▸ **Brief**: Repeat exactly the line containing "2 = 1 + Suc" and every line after it in the entries, and nothing besides.

▸ **Information provided**:
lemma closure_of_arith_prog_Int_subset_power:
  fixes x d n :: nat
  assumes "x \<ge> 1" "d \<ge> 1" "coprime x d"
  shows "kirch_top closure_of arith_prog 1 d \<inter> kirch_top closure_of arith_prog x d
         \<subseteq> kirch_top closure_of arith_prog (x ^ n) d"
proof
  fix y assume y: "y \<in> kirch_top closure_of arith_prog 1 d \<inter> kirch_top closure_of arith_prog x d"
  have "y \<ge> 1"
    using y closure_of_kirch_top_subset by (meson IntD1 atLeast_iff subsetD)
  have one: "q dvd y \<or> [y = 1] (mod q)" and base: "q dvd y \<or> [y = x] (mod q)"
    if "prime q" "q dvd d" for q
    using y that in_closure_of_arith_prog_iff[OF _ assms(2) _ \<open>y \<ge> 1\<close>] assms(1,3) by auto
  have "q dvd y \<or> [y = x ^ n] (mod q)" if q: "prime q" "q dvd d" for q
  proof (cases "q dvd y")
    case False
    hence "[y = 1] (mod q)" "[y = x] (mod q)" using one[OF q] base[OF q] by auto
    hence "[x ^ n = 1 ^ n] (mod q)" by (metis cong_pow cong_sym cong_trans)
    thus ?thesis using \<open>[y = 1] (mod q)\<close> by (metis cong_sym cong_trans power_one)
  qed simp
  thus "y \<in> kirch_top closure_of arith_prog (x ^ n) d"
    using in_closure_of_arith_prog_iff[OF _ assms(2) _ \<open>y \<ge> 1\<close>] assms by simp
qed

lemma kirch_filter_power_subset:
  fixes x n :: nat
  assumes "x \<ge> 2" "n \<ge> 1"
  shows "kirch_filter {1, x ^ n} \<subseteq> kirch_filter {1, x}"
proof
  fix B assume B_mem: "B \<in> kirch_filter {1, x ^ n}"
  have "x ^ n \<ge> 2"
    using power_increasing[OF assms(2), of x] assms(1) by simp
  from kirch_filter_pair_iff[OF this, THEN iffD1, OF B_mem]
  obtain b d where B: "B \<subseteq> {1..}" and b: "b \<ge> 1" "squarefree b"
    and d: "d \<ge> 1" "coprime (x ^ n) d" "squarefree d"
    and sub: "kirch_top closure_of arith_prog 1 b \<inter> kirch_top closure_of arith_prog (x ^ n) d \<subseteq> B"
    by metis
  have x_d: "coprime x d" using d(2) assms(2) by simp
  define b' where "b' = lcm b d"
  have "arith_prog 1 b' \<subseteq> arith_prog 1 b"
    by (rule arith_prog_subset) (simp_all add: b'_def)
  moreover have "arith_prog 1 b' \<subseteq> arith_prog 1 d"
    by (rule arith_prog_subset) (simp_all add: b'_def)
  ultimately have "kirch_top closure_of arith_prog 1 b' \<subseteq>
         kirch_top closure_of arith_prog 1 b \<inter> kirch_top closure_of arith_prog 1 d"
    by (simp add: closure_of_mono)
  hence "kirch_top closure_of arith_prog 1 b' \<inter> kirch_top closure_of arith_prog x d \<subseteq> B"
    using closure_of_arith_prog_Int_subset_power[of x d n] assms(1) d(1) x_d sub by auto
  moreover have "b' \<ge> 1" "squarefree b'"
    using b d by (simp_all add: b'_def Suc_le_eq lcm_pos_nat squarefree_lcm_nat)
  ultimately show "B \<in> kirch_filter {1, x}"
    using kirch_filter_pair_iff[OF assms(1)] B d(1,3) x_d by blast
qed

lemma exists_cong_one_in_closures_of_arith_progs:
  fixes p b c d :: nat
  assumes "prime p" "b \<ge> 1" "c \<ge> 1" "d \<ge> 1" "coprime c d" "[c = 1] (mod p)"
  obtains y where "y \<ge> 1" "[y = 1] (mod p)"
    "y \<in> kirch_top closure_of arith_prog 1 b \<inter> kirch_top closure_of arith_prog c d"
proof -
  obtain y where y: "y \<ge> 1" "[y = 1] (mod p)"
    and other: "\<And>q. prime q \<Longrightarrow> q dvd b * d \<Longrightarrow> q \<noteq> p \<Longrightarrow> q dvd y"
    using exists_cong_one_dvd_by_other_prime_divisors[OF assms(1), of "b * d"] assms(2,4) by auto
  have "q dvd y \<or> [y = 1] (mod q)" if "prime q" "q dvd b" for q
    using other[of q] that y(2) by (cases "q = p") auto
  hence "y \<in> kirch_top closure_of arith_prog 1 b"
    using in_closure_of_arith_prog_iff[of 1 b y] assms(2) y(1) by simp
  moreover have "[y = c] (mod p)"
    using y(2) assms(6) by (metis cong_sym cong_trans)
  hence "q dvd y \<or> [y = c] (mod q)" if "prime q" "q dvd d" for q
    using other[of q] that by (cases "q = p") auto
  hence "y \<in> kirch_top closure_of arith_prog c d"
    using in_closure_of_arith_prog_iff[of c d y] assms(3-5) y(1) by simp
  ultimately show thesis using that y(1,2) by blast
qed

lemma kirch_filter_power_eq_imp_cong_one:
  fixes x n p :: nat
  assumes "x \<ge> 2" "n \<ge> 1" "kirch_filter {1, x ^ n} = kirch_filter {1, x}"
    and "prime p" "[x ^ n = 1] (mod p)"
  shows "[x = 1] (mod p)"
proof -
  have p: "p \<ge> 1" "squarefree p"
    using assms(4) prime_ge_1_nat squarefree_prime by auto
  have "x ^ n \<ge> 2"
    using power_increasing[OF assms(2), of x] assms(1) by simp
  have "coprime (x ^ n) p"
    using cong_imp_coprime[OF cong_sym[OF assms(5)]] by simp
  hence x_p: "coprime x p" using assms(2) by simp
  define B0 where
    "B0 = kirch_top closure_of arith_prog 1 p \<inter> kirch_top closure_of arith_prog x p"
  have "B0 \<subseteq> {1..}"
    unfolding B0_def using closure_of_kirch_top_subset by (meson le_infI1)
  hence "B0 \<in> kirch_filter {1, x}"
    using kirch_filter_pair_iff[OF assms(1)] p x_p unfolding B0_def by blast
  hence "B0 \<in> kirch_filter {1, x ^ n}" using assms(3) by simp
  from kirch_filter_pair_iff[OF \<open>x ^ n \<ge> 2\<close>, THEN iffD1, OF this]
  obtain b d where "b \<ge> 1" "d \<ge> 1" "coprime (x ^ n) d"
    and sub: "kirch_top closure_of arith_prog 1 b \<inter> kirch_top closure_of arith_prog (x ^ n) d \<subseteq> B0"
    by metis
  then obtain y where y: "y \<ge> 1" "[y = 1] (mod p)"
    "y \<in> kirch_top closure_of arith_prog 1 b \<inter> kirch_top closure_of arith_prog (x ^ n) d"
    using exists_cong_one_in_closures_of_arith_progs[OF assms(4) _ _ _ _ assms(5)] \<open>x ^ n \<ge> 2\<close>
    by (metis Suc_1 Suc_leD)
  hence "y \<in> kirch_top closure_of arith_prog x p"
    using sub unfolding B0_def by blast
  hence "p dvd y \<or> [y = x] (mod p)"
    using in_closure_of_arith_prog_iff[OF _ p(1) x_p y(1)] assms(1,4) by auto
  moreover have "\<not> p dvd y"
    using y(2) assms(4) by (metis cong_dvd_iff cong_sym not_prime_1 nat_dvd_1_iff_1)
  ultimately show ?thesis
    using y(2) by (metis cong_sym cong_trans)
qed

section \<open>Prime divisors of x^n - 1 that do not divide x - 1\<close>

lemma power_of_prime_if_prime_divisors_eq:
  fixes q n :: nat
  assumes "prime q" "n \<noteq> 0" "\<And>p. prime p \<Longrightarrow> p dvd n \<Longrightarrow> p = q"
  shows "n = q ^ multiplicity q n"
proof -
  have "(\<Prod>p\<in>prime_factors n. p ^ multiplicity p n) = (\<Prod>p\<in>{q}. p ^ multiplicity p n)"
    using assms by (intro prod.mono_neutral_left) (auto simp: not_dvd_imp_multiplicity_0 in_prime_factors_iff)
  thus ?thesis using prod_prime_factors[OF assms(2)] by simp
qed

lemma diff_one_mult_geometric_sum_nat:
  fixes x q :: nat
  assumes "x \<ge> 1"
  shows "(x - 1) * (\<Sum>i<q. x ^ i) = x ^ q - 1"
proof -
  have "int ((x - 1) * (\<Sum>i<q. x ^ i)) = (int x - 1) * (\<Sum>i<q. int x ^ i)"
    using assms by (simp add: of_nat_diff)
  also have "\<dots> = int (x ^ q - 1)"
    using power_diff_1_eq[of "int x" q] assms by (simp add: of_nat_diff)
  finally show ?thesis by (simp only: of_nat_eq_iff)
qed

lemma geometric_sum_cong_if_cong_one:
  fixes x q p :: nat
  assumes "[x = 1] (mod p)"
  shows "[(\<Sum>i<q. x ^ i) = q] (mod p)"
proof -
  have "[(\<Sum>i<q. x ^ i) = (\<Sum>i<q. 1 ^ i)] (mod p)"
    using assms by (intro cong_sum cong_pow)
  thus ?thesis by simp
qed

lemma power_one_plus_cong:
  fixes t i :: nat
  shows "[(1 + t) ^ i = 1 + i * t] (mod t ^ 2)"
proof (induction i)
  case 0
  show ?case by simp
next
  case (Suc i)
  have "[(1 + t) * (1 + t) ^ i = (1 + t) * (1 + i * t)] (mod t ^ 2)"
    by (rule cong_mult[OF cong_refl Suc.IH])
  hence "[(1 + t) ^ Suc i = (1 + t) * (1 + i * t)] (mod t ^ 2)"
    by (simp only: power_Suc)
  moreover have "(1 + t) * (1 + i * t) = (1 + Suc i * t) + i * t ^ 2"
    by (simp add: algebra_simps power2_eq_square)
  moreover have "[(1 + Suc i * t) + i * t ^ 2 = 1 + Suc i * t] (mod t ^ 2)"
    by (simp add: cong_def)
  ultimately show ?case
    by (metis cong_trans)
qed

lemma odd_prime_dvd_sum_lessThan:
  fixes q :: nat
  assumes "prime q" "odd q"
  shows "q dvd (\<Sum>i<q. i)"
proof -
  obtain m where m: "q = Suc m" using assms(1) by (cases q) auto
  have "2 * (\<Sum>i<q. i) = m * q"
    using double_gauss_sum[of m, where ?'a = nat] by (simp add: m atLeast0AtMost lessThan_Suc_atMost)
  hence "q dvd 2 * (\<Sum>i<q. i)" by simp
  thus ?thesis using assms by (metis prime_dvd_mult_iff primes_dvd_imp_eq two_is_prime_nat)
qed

▸ **Output for this exercise**:
  moreover have "[(1 + Suc i * t) + i * t ^ 2 = 1 + Suc i * t] (mod t ^ 2)"
    by (simp add: cong_def)
  ultimately show ?case
    by (metis cong_trans)
qed

lemma odd_prime_dvd_sum_lessThan:
  fixes q :: nat
  assumes "prime q" "odd q"
  shows "q dvd (\<Sum>i<q. i)"
proof -
  obtain m where m: "q = Suc m" using assms(1) by (cases q) auto
  have "2 * (\<Sum>i<q. i) = m * q"
    using double_gauss_sum[of m, where ?'a = nat] by (simp add: m atLeast0AtMost lessThan_Suc_atMost)
  hence "q dvd 2 * (\<Sum>i<q. i)" by simp
  thus ?thesis using assms by (metis prime_dvd_mult_iff primes_dvd_imp_eq two_is_prime_nat)
qed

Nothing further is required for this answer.